◆ TASK INSTRUCTIONS: Needed from the data below: all lines that contain the word "simp".

<<<<

lemma abs_risk_diff_le:
  assumes "is_dist n P1" "is_dist n P2" "\<sigma> \<in> perms n"
  shows "\<bar>risk n P1 \<sigma> - risk n P2 \<sigma>\<bar> \<le> (\<Sum>(i, j)\<in>pairs n. \<bar>pw P1 i j - pw P2 i j\<bar>)"
proof -
  define r where "r P i j = (if \<sigma> i < \<sigma> j then pw P j i else pw P i j)" for P i j
  have inj: "inj_on \<sigma> {1..n}"
    using inj_if_in_perms[OF assms(3)] by (rule inj_on_subset) simp
  have "risk n P1 \<sigma> - risk n P2 \<sigma> = (\<Sum>(i, j)\<in>pairs n. r P1 i j - r P2 i j)"
    unfolding risk_eq_sum_pw[OF finite_set_pmf_if_is_dist[OF assms(1)] inj]
      risk_eq_sum_pw[OF finite_set_pmf_if_is_dist[OF assms(2)] inj] r_def
    by (simp add: case_prod_unfold sum_subtractf)
  also have "\<bar>\<dots>\<bar> \<le> (\<Sum>(i, j)\<in>pairs n. \<bar>r P1 i j - r P2 i j\<bar>)"
    unfolding case_prod_unfold by (rule sum_abs)
  also have "\<dots> = (\<Sum>(i, j)\<in>pairs n. \<bar>pw P1 i j - pw P2 i j\<bar>)"
  proof (intro sum.cong refl, clarify)
    fix i j assume "(i, j) \<in> pairs n"
    then have "i \<noteq> j" by (simp add: pairs_def)
    then have "pw P1 j i - pw P2 j i = - (pw P1 i j - pw P2 i j)"
      by (simp add: pw_swap_if_is_dist[OF assms(1) \<open>i \<noteq> j\<close>]
          pw_swap_if_is_dist[OF assms(2) \<open>i \<noteq> j\<close>])
    then show "\<bar>r P1 i j - r P2 i j\<bar> = \<bar>pw P1 i j - pw P2 i j\<bar>"
      by (simp add: r_def abs_minus_commute)
  qed
  finally show ?thesis .
qed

>>>>

◆ TASK RESPONSE:
    using inj_if_in_perms[OF assms(3)] by (rule inj_on_subset) simp
    by (simp add: case_prod_unfold sum_subtractf)
    then have "i \<noteq> j" by (simp add: pairs_def)
      by (simp add: pw_swap_if_is_dist[OF assms(1) \<open>i \<noteq> j\<close>]
      by (simp add: r_def abs_minus_commute)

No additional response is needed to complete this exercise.